高谷:とても大きな可能性を感じています。市場の広がりはコンテンツ産業の活性化につながり、魅力的な作品が続々と生まれ、新しい技術の開発も進みます。また、テレビ番組のタイムシフト視聴も増えてくる。「定額・見放題・マルチデバイス視聴」が特色のSVODは、生活の中でより存在感を増していくと思っています。

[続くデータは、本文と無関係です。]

theorem theorem9:
  fixes K L T :: nat
  assumes "K > 0" and "L > 0" and "T > 0"
  shows "ennreal (of_nat (NKLT K L T)) = blp_value K L T"
  unfolding NKLT_eq_Inf_degree_table_fun blp_value_def
proof (rule ennreal_of_nat_Inf_eq_Inf)
  show "{card (sumset (a ` {1..K+T}) (b ` {1..L+T})) | a b. degree_table_fun K L T a b} \<noteq> {}"
    using degree_table_fun_exists by blast
next
  fix g assume "g \<in> {card (sumset (a ` {1..K+T}) (b ` {1..L+T})) | a b. degree_table_fun K L T a b}"
  then obtain a b where table: "degree_table_fun K L T a b"
    and g: "g = card (sumset (a ` {1..K+T}) (b ` {1..L+T}))"
    by blast
  have "blp_objective (\<lambda>e. of_bool (e \<in> sumset (a ` {1..K+T}) (b ` {1..L+T}))) = ennreal (of_nat g)"
    unfolding g by (simp add: blp_objective_of_bool finite_sumset)
  with blp_feasible_degree_table_fun[OF table]
  show "ennreal (of_nat g) \<in> {blp_objective U | U R C M. blp_feasible K L T U R C M}"
    by force
next
  fix x assume "x \<in> {blp_objective U | U R C M. blp_feasible K L T U R C M}"
  then obtain U R C M where x: "x = blp_objective U" and feasible: "blp_feasible K L T U R C M"
    by blast
  obtain a b where "degree_table_fun K L T a b"
    and "ennreal (of_nat (card (sumset (a ` {1..K+T}) (b ` {1..L+T})))) \<le> blp_objective U"
    using feasible by (rule blp_feasible_imp_degree_table_fun)
  with x show "\<exists>g \<in> {card (sumset (a ` {1..K+T}) (b ` {1..L+T})) | a b. degree_table_fun K L T a b}.
      ennreal (of_nat g) \<le> x"
    by blast
qed

end
lemma ired_refl: "wf001 M \<Longrightarrow> ired M M"
proof (coinduction arbitrary: M rule: ired.coinduct)
  case (ired M)
  from ired have "spine wf001 M" by (cases rule: wf001.cases) auto
  then have "ired_step (\<lambda>a b. (\<exists>M. a = M \<and> b = M \<and> wf001 M) \<or> ired a b) M M"
    by (induction rule: spine.induct) (auto intro: ired_step.intros)
  then show ?case by blast
qed

lemma ired_trans: "ired A B \<Longrightarrow> ired B C \<Longrightarrow> ired A C"
proof (coinduction arbitrary: A B C rule: ired.coinduct)
  case (ired A B C)
  from ired(2) have "ired_step ired B C" by (simp add: ired_unfold)
  then have "ired_step (\<lambda>a c. (\<exists>A B C. a = A \<and> c = C \<and> ired A B \<and> ired B C) \<or> ired a c) A C"
    using ired(1)
  proof (induction arbitrary: A rule: ired_step.induct)
    case (ired_var M x)
    then have "ired A (LVar x)" using ired_append_beta_star by blast
    then show ?case by (auto dest: ired_LVarD intro: ired_step.intros)
  next
    case (ired_lam M P P')
    then have "ired A (LLam P)" using ired_append_beta_star by blast
    then obtain P1 where "beta_star A (LLam P1)" and "ired P1 P" by (rule ired_LLamE)
    with ired_lam.IH show ?case by (auto intro: ired_step.intros)
  next
    case (ired_app M P Q P' Q')
    then have "ired A (LApp P Q)" using ired_append_beta_star by blast
    then obtain P1 Q1 where "beta_star A (LApp P1 Q1)" and "ired P1 P" and "ired Q1 Q"
      by (rule ired_LAppE)
    with ired_app.IH ired_app.hyps(3) show ?case by (auto intro!: ired_step.ired_app)
  qed
  then show ?case by blast
qed

theorem mainTheorem1:
  shows "(\<forall>M. wf001 M \<longrightarrow> ired M M)
       \<and> (\<forall>M N. wf001 M \<longrightarrow> wf001 N \<longrightarrow> beta_star M N \<longrightarrow> ired M N)
       \<and> (\<forall>M M' M''. wf001 M \<longrightarrow> wf001 M' \<longrightarrow> wf001 M'' \<longrightarrow>
            ired M M' \<longrightarrow> ired M' M'' \<longrightarrow> ired M M'')"
  using ired_refl ired_prepend_beta_star ired_trans by blast

end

MZ:タイムシフト視聴の浸透がさらに進むことで、変わる点はありますか。
高谷:コンテンツの価値がさらに多様化していくと思います。テレビ番組の接触率は増え、好きなアニメやドラマを一気見できるなど、ユーザーとコンテンツの関係はより密になります。それによって新たな広告価値も生まれるかもしれません。地上波・衛星放送のテレビ局、SVODといった発信しているのがどこかは関係なく、いかにいいコンテンツがあるかが重要になってきます。 制作者にとっても、リアルタイム視聴率を目的としない新しい挑戦ができます。

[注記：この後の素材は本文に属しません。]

text \<open>
  Soundness: by induction on expressions, the value of an expression of \<open>TL\<^sub>k\<^sub>+\<^sub>1\<close> whose
  free variables are read off a \<open>(k+1)\<close>-tuple only depends on the \<open>k\<close>-WL colours of that tuple
  and of its \<open>k\<close>-subtuples. A summation binds one variable, so its body has at most \<open>k\<close> other
  free variables; dropping an unused position turns the sum into a sum over exactly the multiset
  that one further round of \<open>k\<close>-WL records. For two variables the same argument works with
  colour refinement, the multiset of all vertices splitting into the vertex itself, its
  neighbours and the rest.

  Completeness: conversely, for every colour occurring in \<open>G\<close> or \<open>H\<close> an expression of the
  fragment evaluates to the indicator of that colour, by recursion on the number of rounds.
  Multiset equality is tested through counts, which are integers in \<open>[0, n]\<close> and can therefore
  be turned into 0/1 values by Lagrange interpolation polynomials. Summing an indicator over
  all tuples counts its colour class. The constructions use no function symbols.
\<close>

lemma sem_cong_free:
  "\<forall>x\<in>free \<phi>. \<nu> x = \<mu> x \<Longrightarrow> sem n G \<nu> \<phi> = sem n G \<mu> \<phi>"
proof (induction \<phi> arbitrary: \<nu> \<mu>)
  case (Mul a b)
  then show ?case by (metis UnCI free.simps(5) sem.simps(5))
next
  case (Add a b)
  then show ?case by (metis UnCI free.simps(6) sem.simps(6))
next
  case (App f as)
  then show ?case by (auto intro!: arg_cong[where f = "snd f"])
next
  case (Sum x a)
  then show ?case by (auto intro!: sum.cong)
qed auto

lemma free_subset_vars: "free \<phi> \<subseteq> vars \<phi>"
  by (induction \<phi>) auto

lemma sd_App_le_iff: "sd (App f as) \<le> t \<longleftrightarrow> (\<forall>a\<in>set as. sd a \<le> t)"
  by (simp add: Max.set_eq_fold[symmetric])

primrec rename :: "(nat \<Rightarrow> nat) \<Rightarrow> tl \<Rightarrow> tl" where
  "rename r (EqI x y) = EqI (r x) (r y)"
| "rename r (NeqI x y) = NeqI (r x) (r y)"
| "rename r (EdgeA x y) = EdgeA (r x) (r y)"
| "rename r (Lab s x) = Lab s (r x)"
| "rename r (Mul a b) = Mul (rename r a) (rename r b)"
| "rename r (Add a b) = Add (rename r a) (rename r b)"
| "rename r (Scal c a) = Scal c (rename r a)"
| "rename r (App f as) = App f (map (rename r) as)"
| "rename r (Sum x a) = Sum (r x) (rename r a)"

lemma sem_rename: "inj r \<Longrightarrow> sem n G \<nu> (rename r \<phi>) = sem n G (\<nu> \<circ> r) \<phi>"
proof (induction \<phi> arbitrary: \<nu>)
  case (App f as)
  then show ?case by (auto intro!: arg_cong[where f = "snd f"])
next
  case (Sum x a)
  have "(\<nu>(r x := v)) \<circ> r = (\<nu> \<circ> r)(x := v)" for v
    using Sum.prems by (auto simp: fun_eq_iff inj_eq)
  then show ?case by (simp only: rename.simps sem.simps Sum.IH[OF Sum.prems])
qed auto

lemma vars_rename: "vars (rename r \<phi>) = r ` vars \<phi>"
  by (induction \<phi>) auto

lemma free_rename: "inj r \<Longrightarrow> free (rename r \<phi>) = r ` free \<phi>"
proof (induction \<phi>)
  case (Sum x a)
  then show ?case by (auto simp: inj_eq)
qed auto

lemma sd_rename: "sd (rename r \<phi>) = sd \<phi>"
proof (induction \<phi>)
  case (App f as)
  then have "map sd (map (rename r) as) = map sd as" by simp
  then show ?case by (simp only: rename.simps sd.simps)
qed auto

lemma wf_rename: "wf \<Omega> l (rename r \<phi>) = wf \<Omega> l \<phi>"
  by (induction \<phi>) (auto simp: list_all_iff)

lemma mem_TLd_iff: "\<phi> \<in> TLd \<Omega> l k t \<longleftrightarrow> wf \<Omega> l \<phi> \<and> vars \<phi> \<subseteq> {1..k} \<and> sd \<phi> \<le> t"
  by (auto simp: TLd_def TL_def)

lemma TLd_mono: "\<phi> \<in> TLd \<Omega> l k s \<Longrightarrow> s \<le> t \<Longrightarrow> \<phi> \<in> TLd \<Omega> l k t"
  by (simp add: mem_TLd_iff)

MZ:日本へのサービスの新規参入が相次いでいるのをみると、日本市場はSVODの事業者にとって大きい市場だと感じているのですが、どうでしょうか。
須田:日本のユーザーは他国と比較しても映像を視聴される時間が長く、テレビもいまだに影響力の高いメディアです。YouTubeやニコニコ動画が現在も盛り上がっているのは、日本人の映像好きが起因していると思っています。この点から、日本は海外の事業者から見ても魅力的な市場だと思われているのではないでしょうか。
より幅広い層に対応したコンテンツのラインナップへ
MZ:競合が増えることに関してはどう感じていますか。
須田:歓迎すべきことだと思います。まだインターネットにおける動画配信はニッチな市場なので、プレイヤーが増えることで、動画配信そのものや月額定額制のサービスが広く認知されていき、サービス利用者の総数が広がっていくことにつながると思うので。いずれは、BSやCSのように、地方にお住まいの方や高齢者の方にもどんどん使っていただけるようになってほしいですね。
MZ:他のサービスが来たことで、SVOD自体を知ってもらえるきっかけになるということですね。御社は2011年から日本でのサービス提供を始めていますが、提供するコンテンツに変化はありましたか。
須田:Huluが日本市場に進出した2011年当初は、海外ドラマが好きなアーリーアダプター向けのサービスとして利用されていたように思います。5年目を迎える現在も海外ドラマの作品には注力していますが、加えて幅広いユーザーに視聴してもらえるラインナップを意識しています。
例えば、Huluは日本テレビグループの会社ですので配信に関する権利がクリアになったドラマやバラエティ、アニメ作品については同局の番組の放送終了直後から見逃し配信を行っています。また、NHKおよび民放各局様とも連携を進め、様々なジャンルのコンテンツを取り揃えるようにしています。